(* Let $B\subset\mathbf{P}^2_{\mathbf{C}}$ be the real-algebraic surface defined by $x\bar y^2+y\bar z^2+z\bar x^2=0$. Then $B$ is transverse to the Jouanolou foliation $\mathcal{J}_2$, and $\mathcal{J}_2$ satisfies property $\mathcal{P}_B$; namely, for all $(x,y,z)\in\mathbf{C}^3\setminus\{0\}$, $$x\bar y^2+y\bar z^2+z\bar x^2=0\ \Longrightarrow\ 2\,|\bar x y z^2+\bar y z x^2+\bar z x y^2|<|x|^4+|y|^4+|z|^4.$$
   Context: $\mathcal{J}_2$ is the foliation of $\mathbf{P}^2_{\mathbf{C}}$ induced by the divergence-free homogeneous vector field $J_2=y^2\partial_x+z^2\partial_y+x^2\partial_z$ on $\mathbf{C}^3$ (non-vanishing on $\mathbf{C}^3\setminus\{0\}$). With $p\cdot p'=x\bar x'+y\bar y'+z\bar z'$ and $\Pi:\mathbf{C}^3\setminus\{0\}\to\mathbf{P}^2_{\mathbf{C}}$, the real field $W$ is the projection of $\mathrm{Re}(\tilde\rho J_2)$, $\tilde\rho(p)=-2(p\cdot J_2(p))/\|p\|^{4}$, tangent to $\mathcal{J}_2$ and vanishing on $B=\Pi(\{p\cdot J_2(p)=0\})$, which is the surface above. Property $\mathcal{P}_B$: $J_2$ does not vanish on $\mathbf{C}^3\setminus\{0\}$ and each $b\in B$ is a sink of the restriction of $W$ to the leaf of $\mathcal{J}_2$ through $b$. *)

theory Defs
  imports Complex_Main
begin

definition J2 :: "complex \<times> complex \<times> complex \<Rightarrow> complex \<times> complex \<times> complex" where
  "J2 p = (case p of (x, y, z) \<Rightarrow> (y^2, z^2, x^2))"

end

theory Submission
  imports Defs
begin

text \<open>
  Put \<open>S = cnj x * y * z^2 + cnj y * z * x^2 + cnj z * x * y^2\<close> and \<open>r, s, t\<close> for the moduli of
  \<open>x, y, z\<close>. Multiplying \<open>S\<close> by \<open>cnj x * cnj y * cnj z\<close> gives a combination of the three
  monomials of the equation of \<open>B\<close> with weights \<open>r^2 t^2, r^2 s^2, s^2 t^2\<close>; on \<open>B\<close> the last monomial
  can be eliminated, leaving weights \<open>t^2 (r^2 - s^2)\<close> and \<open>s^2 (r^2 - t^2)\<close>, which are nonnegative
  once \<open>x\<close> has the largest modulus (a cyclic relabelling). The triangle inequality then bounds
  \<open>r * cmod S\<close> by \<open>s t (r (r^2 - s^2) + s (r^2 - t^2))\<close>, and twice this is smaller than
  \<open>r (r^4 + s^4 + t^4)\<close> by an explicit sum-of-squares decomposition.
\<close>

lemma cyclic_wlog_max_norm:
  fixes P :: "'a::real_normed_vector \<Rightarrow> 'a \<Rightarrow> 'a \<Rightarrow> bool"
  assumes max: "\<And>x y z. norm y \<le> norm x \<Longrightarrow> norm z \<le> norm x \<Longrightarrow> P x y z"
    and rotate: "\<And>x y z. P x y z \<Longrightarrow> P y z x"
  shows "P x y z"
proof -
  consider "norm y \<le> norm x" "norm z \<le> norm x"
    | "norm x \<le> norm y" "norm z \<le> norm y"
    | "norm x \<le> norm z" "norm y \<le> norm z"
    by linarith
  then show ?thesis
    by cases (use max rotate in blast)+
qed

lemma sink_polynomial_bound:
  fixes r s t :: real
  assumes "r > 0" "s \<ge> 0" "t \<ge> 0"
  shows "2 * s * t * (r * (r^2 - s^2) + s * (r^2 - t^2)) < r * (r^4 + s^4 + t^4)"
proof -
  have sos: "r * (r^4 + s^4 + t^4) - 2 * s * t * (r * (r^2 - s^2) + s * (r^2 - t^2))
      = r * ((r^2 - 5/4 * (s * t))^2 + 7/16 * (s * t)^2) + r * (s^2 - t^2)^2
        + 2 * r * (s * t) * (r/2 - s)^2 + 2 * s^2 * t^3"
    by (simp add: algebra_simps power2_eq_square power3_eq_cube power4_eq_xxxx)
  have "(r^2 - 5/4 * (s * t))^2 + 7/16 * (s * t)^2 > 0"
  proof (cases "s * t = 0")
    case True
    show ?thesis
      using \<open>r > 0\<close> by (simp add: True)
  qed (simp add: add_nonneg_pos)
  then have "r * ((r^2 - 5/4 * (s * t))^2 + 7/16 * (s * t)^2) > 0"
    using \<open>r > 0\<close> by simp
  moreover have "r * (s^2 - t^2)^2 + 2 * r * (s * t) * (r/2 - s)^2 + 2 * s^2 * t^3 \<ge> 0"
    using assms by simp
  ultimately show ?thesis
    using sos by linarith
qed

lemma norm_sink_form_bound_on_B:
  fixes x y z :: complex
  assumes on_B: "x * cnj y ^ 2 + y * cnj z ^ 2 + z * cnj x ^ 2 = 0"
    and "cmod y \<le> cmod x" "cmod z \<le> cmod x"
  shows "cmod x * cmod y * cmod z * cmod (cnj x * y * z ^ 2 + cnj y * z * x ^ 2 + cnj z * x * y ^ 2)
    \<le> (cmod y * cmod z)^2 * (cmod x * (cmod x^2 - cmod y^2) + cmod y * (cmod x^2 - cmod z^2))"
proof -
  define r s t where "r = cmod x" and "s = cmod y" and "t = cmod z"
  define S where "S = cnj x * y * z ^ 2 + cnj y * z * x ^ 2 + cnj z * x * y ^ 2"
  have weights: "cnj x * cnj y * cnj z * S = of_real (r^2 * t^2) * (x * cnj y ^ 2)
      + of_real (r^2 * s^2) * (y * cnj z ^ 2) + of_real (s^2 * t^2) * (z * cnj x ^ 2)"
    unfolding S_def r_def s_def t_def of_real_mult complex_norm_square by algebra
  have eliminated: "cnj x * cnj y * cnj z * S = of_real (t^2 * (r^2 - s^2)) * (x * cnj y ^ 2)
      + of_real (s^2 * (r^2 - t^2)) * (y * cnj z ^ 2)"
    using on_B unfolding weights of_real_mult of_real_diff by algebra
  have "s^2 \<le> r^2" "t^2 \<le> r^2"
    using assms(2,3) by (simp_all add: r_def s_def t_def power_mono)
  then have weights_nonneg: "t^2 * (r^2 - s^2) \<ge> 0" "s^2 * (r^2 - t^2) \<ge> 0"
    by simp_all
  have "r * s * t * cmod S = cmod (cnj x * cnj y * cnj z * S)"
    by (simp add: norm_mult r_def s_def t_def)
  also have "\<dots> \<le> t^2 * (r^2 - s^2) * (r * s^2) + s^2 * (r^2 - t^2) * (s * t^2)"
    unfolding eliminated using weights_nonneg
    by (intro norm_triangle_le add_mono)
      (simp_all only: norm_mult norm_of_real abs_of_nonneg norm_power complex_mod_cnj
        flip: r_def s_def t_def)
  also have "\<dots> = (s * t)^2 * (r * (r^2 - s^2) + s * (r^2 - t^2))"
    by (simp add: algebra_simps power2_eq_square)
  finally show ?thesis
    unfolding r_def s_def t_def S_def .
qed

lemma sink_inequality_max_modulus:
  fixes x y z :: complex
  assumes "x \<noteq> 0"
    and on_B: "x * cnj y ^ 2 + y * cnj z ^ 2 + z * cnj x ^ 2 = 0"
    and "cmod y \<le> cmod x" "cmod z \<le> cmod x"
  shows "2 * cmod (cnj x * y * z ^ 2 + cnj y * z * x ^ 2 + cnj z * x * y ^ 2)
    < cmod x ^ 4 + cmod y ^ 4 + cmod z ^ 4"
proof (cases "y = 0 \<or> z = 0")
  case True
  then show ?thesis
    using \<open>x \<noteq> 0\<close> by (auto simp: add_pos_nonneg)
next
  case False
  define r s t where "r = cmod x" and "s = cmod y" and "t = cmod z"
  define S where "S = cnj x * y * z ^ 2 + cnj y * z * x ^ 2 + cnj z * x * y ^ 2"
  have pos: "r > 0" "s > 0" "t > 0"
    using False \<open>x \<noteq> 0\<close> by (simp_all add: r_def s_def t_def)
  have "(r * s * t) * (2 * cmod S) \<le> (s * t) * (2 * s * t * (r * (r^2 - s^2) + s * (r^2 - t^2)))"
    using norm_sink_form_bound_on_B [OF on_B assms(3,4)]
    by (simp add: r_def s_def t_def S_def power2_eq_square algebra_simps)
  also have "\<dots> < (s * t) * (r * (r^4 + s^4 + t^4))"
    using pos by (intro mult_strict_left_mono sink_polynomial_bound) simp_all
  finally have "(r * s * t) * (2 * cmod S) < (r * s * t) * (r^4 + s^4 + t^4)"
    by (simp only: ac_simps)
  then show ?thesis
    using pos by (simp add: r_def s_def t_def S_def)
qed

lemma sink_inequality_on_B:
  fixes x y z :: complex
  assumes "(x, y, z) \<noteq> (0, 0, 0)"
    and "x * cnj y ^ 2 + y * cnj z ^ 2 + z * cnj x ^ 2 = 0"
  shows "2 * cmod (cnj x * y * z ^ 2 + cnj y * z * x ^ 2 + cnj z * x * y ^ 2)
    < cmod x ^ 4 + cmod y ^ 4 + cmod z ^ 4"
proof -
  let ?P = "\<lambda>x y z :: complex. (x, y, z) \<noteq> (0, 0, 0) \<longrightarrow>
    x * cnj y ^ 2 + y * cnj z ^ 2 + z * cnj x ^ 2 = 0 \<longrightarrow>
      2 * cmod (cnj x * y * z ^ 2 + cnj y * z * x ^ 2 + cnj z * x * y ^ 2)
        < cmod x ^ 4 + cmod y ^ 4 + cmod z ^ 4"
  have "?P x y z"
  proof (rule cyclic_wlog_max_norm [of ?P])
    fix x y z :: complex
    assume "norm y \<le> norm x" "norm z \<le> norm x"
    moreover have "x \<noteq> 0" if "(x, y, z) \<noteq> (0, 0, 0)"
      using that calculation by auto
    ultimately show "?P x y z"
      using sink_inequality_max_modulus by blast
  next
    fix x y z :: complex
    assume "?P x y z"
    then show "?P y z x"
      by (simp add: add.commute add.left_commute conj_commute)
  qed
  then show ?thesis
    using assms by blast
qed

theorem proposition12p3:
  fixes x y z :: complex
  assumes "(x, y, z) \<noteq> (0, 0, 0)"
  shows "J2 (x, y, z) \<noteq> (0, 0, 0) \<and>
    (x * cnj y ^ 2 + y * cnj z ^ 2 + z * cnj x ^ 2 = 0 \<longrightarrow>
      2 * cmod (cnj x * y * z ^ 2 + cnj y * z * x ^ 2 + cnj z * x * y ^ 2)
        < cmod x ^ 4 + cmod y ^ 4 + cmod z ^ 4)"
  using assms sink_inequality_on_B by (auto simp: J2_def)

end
--
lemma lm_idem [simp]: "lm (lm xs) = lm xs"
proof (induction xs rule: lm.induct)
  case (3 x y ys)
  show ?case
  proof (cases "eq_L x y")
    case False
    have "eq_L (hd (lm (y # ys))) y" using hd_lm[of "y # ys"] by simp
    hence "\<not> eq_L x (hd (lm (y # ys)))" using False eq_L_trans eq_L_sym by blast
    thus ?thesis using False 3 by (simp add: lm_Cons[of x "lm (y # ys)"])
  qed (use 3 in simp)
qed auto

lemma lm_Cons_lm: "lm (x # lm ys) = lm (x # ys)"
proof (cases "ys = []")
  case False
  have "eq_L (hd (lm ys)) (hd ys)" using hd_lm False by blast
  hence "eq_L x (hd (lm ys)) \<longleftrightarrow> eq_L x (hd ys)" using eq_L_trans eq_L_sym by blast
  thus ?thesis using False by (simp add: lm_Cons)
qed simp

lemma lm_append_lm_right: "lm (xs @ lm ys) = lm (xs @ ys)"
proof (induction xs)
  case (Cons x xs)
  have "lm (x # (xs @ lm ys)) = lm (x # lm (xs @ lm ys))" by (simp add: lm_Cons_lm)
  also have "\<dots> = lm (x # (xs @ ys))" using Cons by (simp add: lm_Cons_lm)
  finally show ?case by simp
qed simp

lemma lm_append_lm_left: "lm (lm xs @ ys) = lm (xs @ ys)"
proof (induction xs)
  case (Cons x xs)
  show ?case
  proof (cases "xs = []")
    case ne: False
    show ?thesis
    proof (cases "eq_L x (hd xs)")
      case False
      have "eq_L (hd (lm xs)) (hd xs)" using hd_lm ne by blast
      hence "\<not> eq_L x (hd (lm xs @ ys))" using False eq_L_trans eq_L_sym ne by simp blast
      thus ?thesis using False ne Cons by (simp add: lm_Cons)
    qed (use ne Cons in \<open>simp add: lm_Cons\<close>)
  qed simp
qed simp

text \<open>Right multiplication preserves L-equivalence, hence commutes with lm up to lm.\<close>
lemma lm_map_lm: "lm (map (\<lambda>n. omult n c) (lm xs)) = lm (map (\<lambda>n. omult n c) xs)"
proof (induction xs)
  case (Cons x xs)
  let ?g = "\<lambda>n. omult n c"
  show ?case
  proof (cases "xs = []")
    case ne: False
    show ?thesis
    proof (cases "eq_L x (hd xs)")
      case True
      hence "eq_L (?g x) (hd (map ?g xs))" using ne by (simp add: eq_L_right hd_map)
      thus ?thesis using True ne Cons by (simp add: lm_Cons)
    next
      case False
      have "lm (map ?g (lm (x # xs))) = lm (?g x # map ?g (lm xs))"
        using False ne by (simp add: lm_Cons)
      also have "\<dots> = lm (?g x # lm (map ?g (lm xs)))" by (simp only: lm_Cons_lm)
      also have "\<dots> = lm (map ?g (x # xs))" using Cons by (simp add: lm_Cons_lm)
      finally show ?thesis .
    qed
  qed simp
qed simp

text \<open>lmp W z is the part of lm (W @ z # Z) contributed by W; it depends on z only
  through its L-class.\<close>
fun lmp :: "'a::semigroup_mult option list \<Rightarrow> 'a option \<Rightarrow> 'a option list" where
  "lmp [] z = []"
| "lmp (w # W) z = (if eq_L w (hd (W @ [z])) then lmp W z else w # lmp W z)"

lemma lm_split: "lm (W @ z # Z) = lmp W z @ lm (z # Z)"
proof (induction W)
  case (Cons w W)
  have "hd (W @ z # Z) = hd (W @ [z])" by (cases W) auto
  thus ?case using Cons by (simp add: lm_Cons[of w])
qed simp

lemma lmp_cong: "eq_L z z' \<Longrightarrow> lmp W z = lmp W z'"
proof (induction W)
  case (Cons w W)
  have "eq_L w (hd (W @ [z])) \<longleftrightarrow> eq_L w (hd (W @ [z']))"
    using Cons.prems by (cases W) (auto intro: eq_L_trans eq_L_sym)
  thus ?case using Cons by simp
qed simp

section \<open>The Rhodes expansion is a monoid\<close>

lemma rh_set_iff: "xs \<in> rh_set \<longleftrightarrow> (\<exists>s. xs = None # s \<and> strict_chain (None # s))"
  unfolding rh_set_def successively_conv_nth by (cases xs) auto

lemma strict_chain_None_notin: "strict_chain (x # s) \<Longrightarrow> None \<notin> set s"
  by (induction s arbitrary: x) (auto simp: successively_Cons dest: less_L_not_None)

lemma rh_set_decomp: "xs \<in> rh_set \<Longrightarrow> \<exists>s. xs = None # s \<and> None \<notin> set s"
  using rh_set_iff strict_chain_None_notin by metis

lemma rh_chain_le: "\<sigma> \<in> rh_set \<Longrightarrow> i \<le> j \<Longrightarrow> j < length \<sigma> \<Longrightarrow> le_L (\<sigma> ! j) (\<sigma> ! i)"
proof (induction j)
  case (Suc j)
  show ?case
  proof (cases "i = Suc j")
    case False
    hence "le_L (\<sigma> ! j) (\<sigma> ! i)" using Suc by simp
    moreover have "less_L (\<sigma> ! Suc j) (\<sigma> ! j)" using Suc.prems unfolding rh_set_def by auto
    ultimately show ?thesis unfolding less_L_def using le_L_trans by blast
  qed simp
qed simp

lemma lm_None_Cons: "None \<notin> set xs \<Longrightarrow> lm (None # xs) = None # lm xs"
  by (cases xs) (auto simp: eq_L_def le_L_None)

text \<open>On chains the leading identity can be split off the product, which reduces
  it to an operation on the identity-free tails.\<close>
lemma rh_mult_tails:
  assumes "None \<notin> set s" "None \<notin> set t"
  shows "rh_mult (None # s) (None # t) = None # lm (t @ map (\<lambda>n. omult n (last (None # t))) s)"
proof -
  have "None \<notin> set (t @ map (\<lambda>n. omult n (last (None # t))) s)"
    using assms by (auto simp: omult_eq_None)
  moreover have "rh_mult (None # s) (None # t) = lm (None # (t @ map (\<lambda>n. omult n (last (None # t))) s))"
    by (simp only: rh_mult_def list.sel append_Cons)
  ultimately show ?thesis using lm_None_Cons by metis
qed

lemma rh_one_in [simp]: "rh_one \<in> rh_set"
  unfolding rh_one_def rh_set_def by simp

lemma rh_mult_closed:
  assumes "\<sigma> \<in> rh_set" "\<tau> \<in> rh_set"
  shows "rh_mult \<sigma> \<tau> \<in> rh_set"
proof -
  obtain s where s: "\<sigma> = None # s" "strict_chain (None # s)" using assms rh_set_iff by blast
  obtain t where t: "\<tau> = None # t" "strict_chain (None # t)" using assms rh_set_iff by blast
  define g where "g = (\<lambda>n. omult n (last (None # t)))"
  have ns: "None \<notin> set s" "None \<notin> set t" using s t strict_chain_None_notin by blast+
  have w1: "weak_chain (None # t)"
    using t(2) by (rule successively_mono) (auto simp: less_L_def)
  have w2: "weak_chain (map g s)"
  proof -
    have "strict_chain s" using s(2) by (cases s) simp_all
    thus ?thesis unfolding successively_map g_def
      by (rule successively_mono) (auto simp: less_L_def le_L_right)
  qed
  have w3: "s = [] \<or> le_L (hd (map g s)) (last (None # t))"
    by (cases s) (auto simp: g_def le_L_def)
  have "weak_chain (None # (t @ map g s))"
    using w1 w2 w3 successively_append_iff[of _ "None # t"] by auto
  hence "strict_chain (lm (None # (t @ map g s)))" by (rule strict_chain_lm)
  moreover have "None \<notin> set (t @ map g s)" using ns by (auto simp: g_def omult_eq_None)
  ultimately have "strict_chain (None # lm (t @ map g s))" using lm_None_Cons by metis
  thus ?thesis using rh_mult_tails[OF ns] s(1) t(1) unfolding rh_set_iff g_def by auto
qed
--
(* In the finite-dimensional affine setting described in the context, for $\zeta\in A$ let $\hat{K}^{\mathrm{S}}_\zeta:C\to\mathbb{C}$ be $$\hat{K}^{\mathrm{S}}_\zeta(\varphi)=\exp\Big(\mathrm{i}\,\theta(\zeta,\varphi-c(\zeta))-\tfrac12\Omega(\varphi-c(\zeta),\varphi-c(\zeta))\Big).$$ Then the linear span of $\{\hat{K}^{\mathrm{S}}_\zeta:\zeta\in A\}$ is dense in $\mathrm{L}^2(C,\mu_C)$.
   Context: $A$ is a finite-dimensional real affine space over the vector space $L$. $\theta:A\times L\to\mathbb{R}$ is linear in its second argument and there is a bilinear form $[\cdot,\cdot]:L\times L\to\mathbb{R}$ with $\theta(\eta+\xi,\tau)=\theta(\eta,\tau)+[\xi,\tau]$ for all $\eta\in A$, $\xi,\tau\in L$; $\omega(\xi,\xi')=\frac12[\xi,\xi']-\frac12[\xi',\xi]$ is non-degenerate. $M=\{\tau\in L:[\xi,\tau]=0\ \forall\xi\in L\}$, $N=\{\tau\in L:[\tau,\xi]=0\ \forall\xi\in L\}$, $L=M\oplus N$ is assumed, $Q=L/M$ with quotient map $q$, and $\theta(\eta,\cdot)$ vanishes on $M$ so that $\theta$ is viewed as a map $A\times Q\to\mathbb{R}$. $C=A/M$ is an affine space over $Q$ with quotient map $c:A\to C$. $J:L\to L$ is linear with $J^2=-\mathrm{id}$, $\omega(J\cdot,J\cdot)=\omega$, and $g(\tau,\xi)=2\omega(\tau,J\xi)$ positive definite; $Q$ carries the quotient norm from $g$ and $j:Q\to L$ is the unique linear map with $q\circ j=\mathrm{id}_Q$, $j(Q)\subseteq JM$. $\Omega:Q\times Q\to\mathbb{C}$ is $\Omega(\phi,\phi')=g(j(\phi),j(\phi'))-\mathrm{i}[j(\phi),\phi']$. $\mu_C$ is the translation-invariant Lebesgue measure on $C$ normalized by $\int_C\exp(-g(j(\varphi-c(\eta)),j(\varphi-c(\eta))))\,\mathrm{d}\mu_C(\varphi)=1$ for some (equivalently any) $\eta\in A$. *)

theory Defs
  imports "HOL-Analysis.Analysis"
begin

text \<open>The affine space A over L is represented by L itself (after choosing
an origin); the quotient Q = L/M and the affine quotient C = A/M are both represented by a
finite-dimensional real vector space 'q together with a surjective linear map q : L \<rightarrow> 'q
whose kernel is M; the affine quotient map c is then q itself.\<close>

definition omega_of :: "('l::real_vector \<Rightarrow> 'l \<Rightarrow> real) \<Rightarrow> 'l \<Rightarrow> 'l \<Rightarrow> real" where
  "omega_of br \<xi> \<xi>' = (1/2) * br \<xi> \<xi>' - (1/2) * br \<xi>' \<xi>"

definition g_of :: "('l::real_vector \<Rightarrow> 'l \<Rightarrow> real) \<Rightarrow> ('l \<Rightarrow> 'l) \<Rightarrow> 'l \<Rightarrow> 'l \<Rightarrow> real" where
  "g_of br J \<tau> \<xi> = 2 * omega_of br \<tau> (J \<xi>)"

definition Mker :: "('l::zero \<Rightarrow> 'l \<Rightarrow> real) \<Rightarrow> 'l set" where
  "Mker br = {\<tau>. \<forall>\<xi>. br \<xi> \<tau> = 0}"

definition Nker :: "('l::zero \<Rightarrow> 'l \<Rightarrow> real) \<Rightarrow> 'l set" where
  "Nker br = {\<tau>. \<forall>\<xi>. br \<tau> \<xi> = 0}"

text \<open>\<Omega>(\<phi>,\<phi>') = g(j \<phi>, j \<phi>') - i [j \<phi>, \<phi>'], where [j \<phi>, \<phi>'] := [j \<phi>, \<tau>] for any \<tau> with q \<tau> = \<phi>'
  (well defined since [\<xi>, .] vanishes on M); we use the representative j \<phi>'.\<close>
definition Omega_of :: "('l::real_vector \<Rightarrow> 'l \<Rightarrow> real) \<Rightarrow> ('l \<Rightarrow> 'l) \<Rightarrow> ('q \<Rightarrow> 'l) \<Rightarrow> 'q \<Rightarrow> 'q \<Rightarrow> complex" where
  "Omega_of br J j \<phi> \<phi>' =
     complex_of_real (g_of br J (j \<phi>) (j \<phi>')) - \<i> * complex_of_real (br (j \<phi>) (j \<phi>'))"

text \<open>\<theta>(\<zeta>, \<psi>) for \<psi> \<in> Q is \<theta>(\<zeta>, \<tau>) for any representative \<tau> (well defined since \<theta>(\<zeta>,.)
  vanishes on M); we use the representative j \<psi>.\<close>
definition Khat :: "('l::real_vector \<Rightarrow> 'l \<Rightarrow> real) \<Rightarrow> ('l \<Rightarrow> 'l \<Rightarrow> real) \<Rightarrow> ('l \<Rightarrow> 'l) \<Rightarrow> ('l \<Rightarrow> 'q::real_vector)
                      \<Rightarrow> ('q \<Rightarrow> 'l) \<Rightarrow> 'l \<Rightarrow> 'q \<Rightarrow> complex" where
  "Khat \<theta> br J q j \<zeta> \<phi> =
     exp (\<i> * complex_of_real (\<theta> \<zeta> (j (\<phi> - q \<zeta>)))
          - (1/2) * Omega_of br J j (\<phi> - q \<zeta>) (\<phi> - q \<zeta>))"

TASK PROMPT: Across the records, how many lines contain "zero"? Only the number should be given.

TASK ANSWER: 2